Work instruction: For the data that follows, give the number of lines in which "close" appears. Add nothing to it.
Top of Data to process
(* Let $X, Y, Z$ be uncertain variables on a common set $\Omega$ with finite ranges. Then: (a) $\mathcal{L}_\star(X\rightarrow Y)\geq 0$; (b) $\mathcal{L}_\star(X\rightarrow Y)=0$ if and only if $X$ and $Y$ are unrelated; (c) $\mathcal{L}_\star(X\rightarrow Y)\leq H_0(X)$, with equality if $Y=X$; (d) if $X-Y-Z$ is a Markov chain, then $\mathcal{L}_\star(X\rightarrow Z)\leq \mathcal{L}_\star(X\rightarrow Y)$.
   Context: Let $\Omega$ be a set. An uncertain variable (uv) is a map $X:\Omega\to\mathbb{X}$ into some set; all uvs considered have finite ranges. The range of $X$ is $[\![X]\!]:=\{X(\omega):\omega\in\Omega\}$; the joint range of $X,Y$ is $[\![X,Y]\!]:=\{(X(\omega),Y(\omega)):\omega\in\Omega\}$; the conditional range is $[\![X\mid Y(\omega)=y]\!]:=\{X(\omega):\omega\in\Omega,\ Y(\omega)=y\}$, and similarly $[\![X\mid Z(\omega)=z,Y(\omega)=y]\!]:=\{X(\omega):\omega\in\Omega,\ Z(\omega)=z,\ Y(\omega)=y\}$. Uvs $X$ and $Y$ are unrelated if $[\![X\mid Y(\omega)=y]\!]=[\![X]\!]$ for all $y\in[\![Y]\!]$ and $[\![Y\mid X(\omega)=x]\!]=[\![Y]\!]$ for all $x\in[\![X]\!]$. Uvs $X,Y,Z$ form a Markov chain $X-Y-Z$ if $[\![X\mid Z(\omega)=z,Y(\omega)=y]\!]=[\![X\mid Y(\omega)=y]\!]$ for all $(z,y)\in[\![Z,Y]\!]$. The non-stochastic entropy is $H_0(X):=\log_2|[\![X]\!]|$. The non-stochastic brute-force guessing leakage from a uv $U$ to a uv $Y$ is $$\mathcal{L}(U\rightarrow Y):=\log_2\left(\frac{|[\![U]\!]|}{\min_{y\in[\![Y]\!]}|[\![U\mid Y(\omega)=y]\!]|}\right).$$ The maximal non-stochastic brute-force leakage from $X$ to $Y$ is $$\mathcal{L}_\star(X\rightarrow Y):=\sup_{g}\ \mathcal{L}(g\circ X\rightarrow Y),$$ where the supremum ranges over all finite sets $\mathcal{U}$ and all functions $g:[\![X]\!]\to\mathcal{U}$. *)

theory Defs
  imports Complex_Main
begin

text \<open>Uncertain variables are maps from a sample set Omega (a set over a type 'o)
  into some type. Only their values on Omega matter.\<close>

definition uv_range :: "'o set \<Rightarrow> ('o \<Rightarrow> 'x) \<Rightarrow> 'x set" where
  "uv_range \<Omega> X = X ` \<Omega>"

definition uv_joint_range :: "'o set \<Rightarrow> ('o \<Rightarrow> 'x) \<Rightarrow> ('o \<Rightarrow> 'y) \<Rightarrow> ('x \<times> 'y) set" where
  "uv_joint_range \<Omega> X Y = (\<lambda>\<omega>. (X \<omega>, Y \<omega>)) ` \<Omega>"

definition uv_cond_range :: "'o set \<Rightarrow> ('o \<Rightarrow> 'x) \<Rightarrow> ('o \<Rightarrow> 'y) \<Rightarrow> 'y \<Rightarrow> 'x set" where
  "uv_cond_range \<Omega> X Y y = {X \<omega> | \<omega>. \<omega> \<in> \<Omega> \<and> Y \<omega> = y}"

definition uv_cond_range2 ::
  "'o set \<Rightarrow> ('o \<Rightarrow> 'x) \<Rightarrow> ('o \<Rightarrow> 'z) \<Rightarrow> 'z \<Rightarrow> ('o \<Rightarrow> 'y) \<Rightarrow> 'y \<Rightarrow> 'x set" where
  "uv_cond_range2 \<Omega> X Z z Y y = {X \<omega> | \<omega>. \<omega> \<in> \<Omega> \<and> Z \<omega> = z \<and> Y \<omega> = y}"

definition unrelated :: "'o set \<Rightarrow> ('o \<Rightarrow> 'x) \<Rightarrow> ('o \<Rightarrow> 'y) \<Rightarrow> bool" where
  "unrelated \<Omega> X Y \<longleftrightarrow>
     (\<forall>y \<in> uv_range \<Omega> Y. uv_cond_range \<Omega> X Y y = uv_range \<Omega> X) \<and>
     (\<forall>x \<in> uv_range \<Omega> X. uv_cond_range \<Omega> Y X x = uv_range \<Omega> Y)"

definition markov_chain :: "'o set \<Rightarrow> ('o \<Rightarrow> 'x) \<Rightarrow> ('o \<Rightarrow> 'y) \<Rightarrow> ('o \<Rightarrow> 'z) \<Rightarrow> bool" where
  "markov_chain \<Omega> X Y Z \<longleftrightarrow>
     (\<forall>(z, y) \<in> uv_joint_range \<Omega> Z Y. uv_cond_range2 \<Omega> X Z z Y y = uv_cond_range \<Omega> X Y y)"

definition H0 :: "'o set \<Rightarrow> ('o \<Rightarrow> 'x) \<Rightarrow> real" where
  "H0 \<Omega> X = log 2 (card (uv_range \<Omega> X))"

definition guess_leak :: "'o set \<Rightarrow> ('o \<Rightarrow> 'u) \<Rightarrow> ('o \<Rightarrow> 'y) \<Rightarrow> real" where
  "guess_leak \<Omega> U Y =
     log 2 (real (card (uv_range \<Omega> U)) /
            real (Min ((\<lambda>y. card (uv_cond_range \<Omega> U Y y)) ` uv_range \<Omega> Y)))"

text \<open>Every such g is, up to renaming of its (finite) codomain, a function into nat, and
  the leakage only depends on g through the partition of the range of X it induces,
  so taking nat as codomain loses no generality.\<close>
definition max_leak :: "'o set \<Rightarrow> ('o \<Rightarrow> 'x) \<Rightarrow> ('o \<Rightarrow> 'y) \<Rightarrow> real" where
  "max_leak \<Omega> X Y = (SUP g :: 'x \<Rightarrow> nat. guess_leak \<Omega> (g \<circ> X) Y)"

end

theory Submission
  imports Defs
begin

text \<open>Let m be the smallest conditional range size, min over y of |[[X | Y = y]]|. For a
  coarsening g and a smallest cell C = [[X | Y = y0]] of g o X, only the points outside C
  can contribute new values, so |g[[X]]| <= |g C| + |[[X]]| - m and the guessing leakage of
  g o X is at most log2 (|[[X]]| - m + 1); collapsing a smallest cell of X to one point and
  keeping all other values distinct attains this bound. The four claims thus become facts
  about m: it is at least 1, it equals |[[X]]| exactly when every conditional range is full,
  it is 1 for Y = X, and along a Markov chain X - Y - Z every cell [[X | Z = z]] contains a
  cell [[X | Y = y]].\<close>

lemma uv_range_comp: "uv_range \<Omega> (g \<circ> X) = g ` uv_range \<Omega> X"
  by (auto simp: uv_range_def)

lemma uv_range_nonempty: "\<Omega> \<noteq> {} \<Longrightarrow> uv_range \<Omega> X \<noteq> {}"
  by (simp add: uv_range_def)

lemma uv_cond_range_comp: "uv_cond_range \<Omega> (g \<circ> X) Y y = g ` uv_cond_range \<Omega> X Y y"
  by (auto simp: uv_cond_range_def)

lemma uv_cond_range_subset: "uv_cond_range \<Omega> X Y y \<subseteq> uv_range \<Omega> X"
  by (auto simp: uv_cond_range_def uv_range_def)

lemma uv_cond_range_nonempty: "y \<in> uv_range \<Omega> Y \<Longrightarrow> uv_cond_range \<Omega> X Y y \<noteq> {}"
  by (auto simp: uv_cond_range_def uv_range_def)

lemma uv_cond_range_self: "x \<in> uv_range \<Omega> X \<Longrightarrow> uv_cond_range \<Omega> X X x = {x}"
  by (auto simp: uv_cond_range_def uv_range_def)

lemma finite_uv_cond_range: "finite (uv_range \<Omega> X) \<Longrightarrow> finite (uv_cond_range \<Omega> X Y y)"
  using uv_cond_range_subset finite_subset by metis

lemma card_uv_cond_range_pos:
  "finite (uv_range \<Omega> X) \<Longrightarrow> y \<in> uv_range \<Omega> Y \<Longrightarrow> 0 < card (uv_cond_range \<Omega> X Y y)"
  by (simp add: card_gt_0_iff finite_uv_cond_range uv_cond_range_nonempty)

lemma unrelated_iff_cond_range_full:
  "unrelated \<Omega> X Y \<longleftrightarrow> (\<forall>y \<in> uv_range \<Omega> Y. uv_cond_range \<Omega> X Y y = uv_range \<Omega> X)"
proof
  assume full: "\<forall>y \<in> uv_range \<Omega> Y. uv_cond_range \<Omega> X Y y = uv_range \<Omega> X"
  have "uv_cond_range \<Omega> Y X x = uv_range \<Omega> Y" if "x \<in> uv_range \<Omega> X" for x
  proof (intro equalityI subsetI)
    fix y assume "y \<in> uv_range \<Omega> Y"
    then have "x \<in> uv_cond_range \<Omega> X Y y" using full that by simp
    then show "y \<in> uv_cond_range \<Omega> Y X x" by (auto simp: uv_cond_range_def)
  qed (rule uv_cond_range_subset[THEN subsetD])
  with full show "unrelated \<Omega> X Y" by (simp add: unrelated_def)
qed (simp add: unrelated_def)

definition min_cond_card :: "'o set \<Rightarrow> ('o \<Rightarrow> 'x) \<Rightarrow> ('o \<Rightarrow> 'y) \<Rightarrow> nat" where
  "min_cond_card \<Omega> X Y = Min ((\<lambda>y. card (uv_cond_range \<Omega> X Y y)) ` uv_range \<Omega> Y)"

lemma guess_leak_eq:
  "guess_leak \<Omega> U Y = log 2 (real (card (uv_range \<Omega> U)) / real (min_cond_card \<Omega> U Y))"
  by (simp add: guess_leak_def min_cond_card_def)

lemma min_cond_card_le:
  "finite (uv_range \<Omega> Y) \<Longrightarrow> y \<in> uv_range \<Omega> Y \<Longrightarrow>
    min_cond_card \<Omega> X Y \<le> card (uv_cond_range \<Omega> X Y y)"
  by (simp add: min_cond_card_def)

lemma min_cond_card_attained:
  assumes "\<Omega> \<noteq> {}" and "finite (uv_range \<Omega> Y)"
  obtains y where "y \<in> uv_range \<Omega> Y" and "card (uv_cond_range \<Omega> X Y y) = min_cond_card \<Omega> X Y"
proof -
  have "min_cond_card \<Omega> X Y \<in> (\<lambda>y. card (uv_cond_range \<Omega> X Y y)) ` uv_range \<Omega> Y"
    unfolding min_cond_card_def using assms by (simp add: uv_range_nonempty)
  then show ?thesis using that by auto
qed

lemma min_cond_card_pos:
  assumes "\<Omega> \<noteq> {}" and "finite (uv_range \<Omega> X)" and "finite (uv_range \<Omega> Y)"
  shows "0 < min_cond_card \<Omega> X Y"
  using min_cond_card_attained[OF assms(1,3)] card_uv_cond_range_pos[OF assms(2)] by metis

lemma min_cond_card_le_card:
  assumes "\<Omega> \<noteq> {}" and "finite (uv_range \<Omega> X)" and "finite (uv_range \<Omega> Y)"
  shows "min_cond_card \<Omega> X Y \<le> card (uv_range \<Omega> X)"
  using min_cond_card_attained[OF assms(1,3)] card_mono[OF assms(2) uv_cond_range_subset] by metis

lemma min_cond_card_eq_card_iff:
  assumes "\<Omega> \<noteq> {}" and "finite (uv_range \<Omega> X)" and "finite (uv_range \<Omega> Y)"
  shows "min_cond_card \<Omega> X Y = card (uv_range \<Omega> X) \<longleftrightarrow>
    (\<forall>y \<in> uv_range \<Omega> Y. uv_cond_range \<Omega> X Y y = uv_range \<Omega> X)"
proof
  assume m: "min_cond_card \<Omega> X Y = card (uv_range \<Omega> X)"
  show "\<forall>y \<in> uv_range \<Omega> Y. uv_cond_range \<Omega> X Y y = uv_range \<Omega> X"
  proof
    fix y assume "y \<in> uv_range \<Omega> Y"
    then have "card (uv_range \<Omega> X) \<le> card (uv_cond_range \<Omega> X Y y)"
      using min_cond_card_le[OF assms(3), of y X] m by linarith
    then show "uv_cond_range \<Omega> X Y y = uv_range \<Omega> X"
      by (rule card_seteq[OF assms(2) uv_cond_range_subset])
  qed
next
  assume "\<forall>y \<in> uv_range \<Omega> Y. uv_cond_range \<Omega> X Y y = uv_range \<Omega> X"
  then show "min_cond_card \<Omega> X Y = card (uv_range \<Omega> X)"
    using min_cond_card_attained[OF assms(1,3)] by metis
qed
Bottom of Data to process
Task solution: 3